Descriptive statistics presented in Table 6 outline participants’ perceptions of the COVID-19 disease. Self-reported perceptions of probability, susceptibility and severity indicate that a large proportion of the sample population did not perceive themselves to be at risk of infection or increased disease severity.

Table 6 Self- Reported COVID-19 Susceptibility, Severity and Infection to BMI

Probability, perceived susceptibility and severity of COVID-19 by sample characteristics (age, sex, ethnicity and BMI) is presented in Table 7. Results from the Kruskal–Wallis test that compared gender and the probability of being infected with COVID-19 indicated a significant difference subgroup (x2 (4, N = 1739) = 10.86, p = 0.03). Follow-up pairwise comparisons indicated that the self-reported probability of being infected with COVID-19 was significant between the following responses: ‘extremely likely vs somewhat unlikely’ (p = 0.03); ‘extremely likely vs unlikely’ (p = 0.03); likely vs somewhat unlikely (p = 0.02); likely vs unlikely (p = 0.021). No other significant differences were found when probability, perceived susceptibility and severity of COVID-19 was compared by sample characteristics (age, sex, ethnicity and BMI).

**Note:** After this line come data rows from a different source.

(* Let $c=0.3$, $a=\sqrt{1+c^2}$, $$\gamma_{AB}=\begin{pmatrix}a&0&c&0\\0&a&0&-c\\c&0&a&0\\0&-c&0&a\end{pmatrix},\qquad \gamma=\gamma_{AB}\oplus\mathbb{1}_2,$$ $\tilde p_1=(0,1,0,1,1,2)^T$, $\tilde p_2=(1,0,-1,0,0,1)^T$, and for $a_1,a_2\ge0$ let $\gamma_{a_1,a_2}=\gamma+a_1\tilde p_1\tilde p_1^T+a_2\tilde p_2\tilde p_2^T$. Then for no $a_1,a_2\ge0$ is $\gamma_{a_1,a_2}$ fully separable; in particular, every $\gamma_{a_1,a_2}$ that satisfies $\gamma_{a_1,a_2}\ge i\tilde J_x$ for all $x\in\{0,A,B,C\}$ is a PPT entangled (Class 4) CM.
   Context: Conventions: Three modes $A,B,C$, phase-space vectors ordered mode-wise as $(q_A,p_A,q_B,p_B,q_C,p_C)$. $J_1=\begin{pmatrix}0&-1\\1&0\end{pmatrix}$, $J=J_1\oplus J_1\oplus J_1$. A CM of $n$ modes is a real symmetric $2n\times2n$ matrix $\gamma>0$ with $\gamma-iJ\ge0$; $X\ge Y$ means $X-Y$ is positive semidefinite. For $x\in\{A,B,C\}$, $\tilde J_x$ is $J$ with the $2\times2$ diagonal block of mode $x$ replaced by $-J_1$, and $\tilde J_0=J$. A three-mode CM is fully separable if there exist one-mode CMs $\gamma_A,\gamma_B,\gamma_C$ with $\gamma\ge\gamma_A\oplus\gamma_B\oplus\gamma_C$; it is separable with respect to the bipartition $x$–$yz$ if there exist a one-mode CM $\gamma_x$ and a two-mode CM $\gamma_{yz}$ with $\gamma\ge\gamma_x\oplus\gamma_{yz}$; Class 4 means separable with respect to all three bipartitions but not fully separable. *)

theory Defs
  imports Complex_Main
begin

text \<open>Matrices are represented as functions on indices; an n x n matrix only uses
  entries with indices in {0..<n}. Phase-space ordering is mode-wise
  (q_A,p_A,q_B,p_B,q_C,p_C), indices 0..5; mode m occupies indices 2m, 2m+1.\<close>

type_synonym rmat = "nat \<Rightarrow> nat \<Rightarrow> real"
type_synonym cmat = "nat \<Rightarrow> nat \<Rightarrow> complex"

definition rsym :: "nat \<Rightarrow> rmat \<Rightarrow> bool" where
  "rsym n M \<longleftrightarrow> (\<forall>i<n. \<forall>j<n. M i j = M j i)"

Table 7 Probability, perceived susceptibility and severity of COVID-19


The purpose of the study was to establish whether habitual CrossFit™ participation is associated with reduced BMI, which is often considered a marker for increased risk of chronic disease and infection. The study further investigated participant perceptions of COVID-19 to understand whether fitness experiences impacted beliefs about susceptibility to disease. The survey considered key metrics relating to exercise history and training frequency, as well as perceptions of health and disease (with particular attention to COVID-19).

Habitual CrossFit™ participation and BMI

Investigation of self-reported body composition indicated that BMI was not significantly associated with CrossFit™ training history. This was not unexpected given the stereotypical body type of individuals participating in CrossFit™ (especially at a high level). This type of training has been associated with mesomorph body types which can be misrepresented in a simple BMI calculation when using as a measure of “health” [7].

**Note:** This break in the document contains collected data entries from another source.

lemma lyapunov_deriv:
  "(lyapunov has_real_derivative - 4 * (1 + Sp t) * Sm t^2 / (Nm t^2 - Np t^2)) (at t)"
proof -
  let ?N = "Sm t^2 + Nm t^2" and ?D = "Nm t^2 - Np t^2"
  have num: "((\<lambda>t. Sm t^2 + Nm t^2) has_real_derivative
      - 2 * (2 - q t) * Sm t^2 + 2 * (q t + 2 * Sp t) * Nm t^2) (at t)"
    by (rule derivative_eq_intros Sm_deriv Nm_deriv refl)+ (simp add: algebra_simps power2_eq_square)
  have den: "((\<lambda>t. Nm t^2 - Np t^2) has_real_derivative 2 * (q t + 2 * Sp t) * ?D) (at t)"
    by (rule derivative_eq_intros Np_deriv Nm_deriv refl)+ (simp add: algebra_simps power2_eq_square)
  \<comment> \<open>the terms in q cancel, so nothing about qstar \<gamma> is needed\<close>
  have "(- 2 * (2 - q t) * Sm t^2 + 2 * (q t + 2 * Sp t) * Nm t^2) * ?D - ?N * (2 * (q t + 2 * Sp t) * ?D)
      = - 4 * (1 + Sp t) * Sm t^2 * ?D"
    by (simp add: algebra_simps)
  then show ?thesis
    using DERIV_divide[OF num den] Nm_sq_minus_Np_sq_pos[of t]
    unfolding lyapunov_def [abs_def] by simp
qed

lemma lyapunov_dissipation: "- 4 * (1 + Sp t) * Sm t^2 / (Nm t^2 - Np t^2) \<le> - 2 * Sm t^2"
proof -
  have "(1 - Sp t) * (1 + Sp t) \<le> 2 * (1 + Sp t)"
    using abs_Sp_le_1[of t] by (intro mult_right_mono) auto
  then have "1 - Sp t^2 \<le> 2 * (1 + Sp t)"
    by (simp add: algebra_simps power2_eq_square)
  then have "Nm t^2 - Np t^2 \<le> 2 * (1 + Sp t)"
    using sum_squares_le_1[of t] zero_le_power2[of "Sm t"] zero_le_power2[of "Np t"] by linarith
  then have "2 * Sm t^2 * (Nm t^2 - Np t^2) \<le> 2 * Sm t^2 * (2 * (1 + Sp t))"
    by (intro mult_left_mono) auto
  then show ?thesis
    using Nm_sq_minus_Np_sq_pos[of t] by (simp add: field_simps)
qed

lemma lyapunov_antimono:
  assumes "s \<le> t"
  shows "lyapunov t \<le> lyapunov s"
proof (rule DERIV_nonpos_imp_nonincreasing[OF assms])
  fix x
  have "- 4 * (1 + Sp x) * Sm x^2 / (Nm x^2 - Np x^2) \<le> 0"
    using lyapunov_dissipation[of x] zero_le_power2[of "Sm x"] by linarith
  with lyapunov_deriv show "\<exists>y. (lyapunov has_real_derivative y) (at x) \<and> y \<le> 0"
    by blast
qed

lemma one_less_lyapunov:
  assumes "u t \<notin> S1plus_VI0"
  shows "1 < lyapunov t"
proof -
  have "Sm t \<noteq> 0 \<or> Np t \<noteq> 0"
    using assms orbit_in_B1plus_VI0[of t] u_eq[of t] unfolding S1plus_VI0_def by auto
  then have "Nm t^2 - Np t^2 < Sm t^2 + Nm t^2"
    using sum_power2_gt_zero_iff[of "Sm t" "Np t"] by linarith
  with Nm_sq_minus_Np_sq_pos[of t] show ?thesis
    unfolding lyapunov_def by simp
qed

lemma lyapunov_tendsto_at_top_if_unbounded:
  assumes "\<not> bdd_above (range lyapunov)"
  shows "filterlim lyapunov at_top at_bot"
  unfolding filterlim_at_top eventually_at_bot_linorder
proof
  fix Z
  obtain t\<^sub>0 where "Z \<le> lyapunov t\<^sub>0"
    using assms by (meson bdd_aboveI2 nle_le)
  then show "\<exists>t\<^sub>0. \<forall>t\<le>t\<^sub>0. Z \<le> lyapunov t"
    using lyapunov_antimono order_trans by blast
qed

lemma Nm_sq_minus_Np_sq_le_inverse_lyapunov: "Nm t^2 - Np t^2 \<le> inverse (lyapunov t)"
proof -
  have "0 < Sm t^2 + Nm t^2"
    using Nm_sq_minus_Np_sq_pos[of t] zero_le_power2[of "Sm t"] zero_le_power2[of "Np t"] by linarith
  moreover have "Sm t^2 + Nm t^2 \<le> 1"
    using sum_squares_le_1[of t] zero_le_power2[of "Sp t"] by linarith
  ultimately show ?thesis
    using Nm_sq_minus_Np_sq_pos[of t] by (simp add: lyapunov_def le_divide_eq mult_left_le)
qed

BMI is a recognised risk factor for disease that has gained significant interest due to the known relationship between obesity levels and disease severity [24, 27]. UK Government campaigns such as ‘Better Health’ have publicised an adverse relationship between BMI and diseases such as COVID-19, therefore despite the limitations of BMI as a measure, it exists to inform practitioners and individuals alike of the increased propensity toward disease.

In addition to training history, the number of CrossFit™ classes per week did not have a significant impact on BMI. Yet, there was a significant interaction between BMI and minutes of exercise per week. This was apparent between groups who exercised more than 240 min per week, and those who exercised between 180 and 240 min per week. The CrossFit™ model encourages a 4-day training cycle (3-day work, 1-day rest) [7] which in an average week, would see participants performing > 240 min of exercise per week. As expected, a large proportion of the sample population reported in excess of 240 min. This is particularly pertinent as authors consider frequent exercise to be integral to minimising viral infection and/or symptom reduction [21]. Thus, a large proportion of the sample population were demonstrating exercise habits which are associated with protection from chronic and infectious disease. We can only surmise that the key differences between number of classes and weekly training volume was due to the closure of facilities during the global pandemic, and therefore subsequent changes to training outside of the typical ‘class’ based structure.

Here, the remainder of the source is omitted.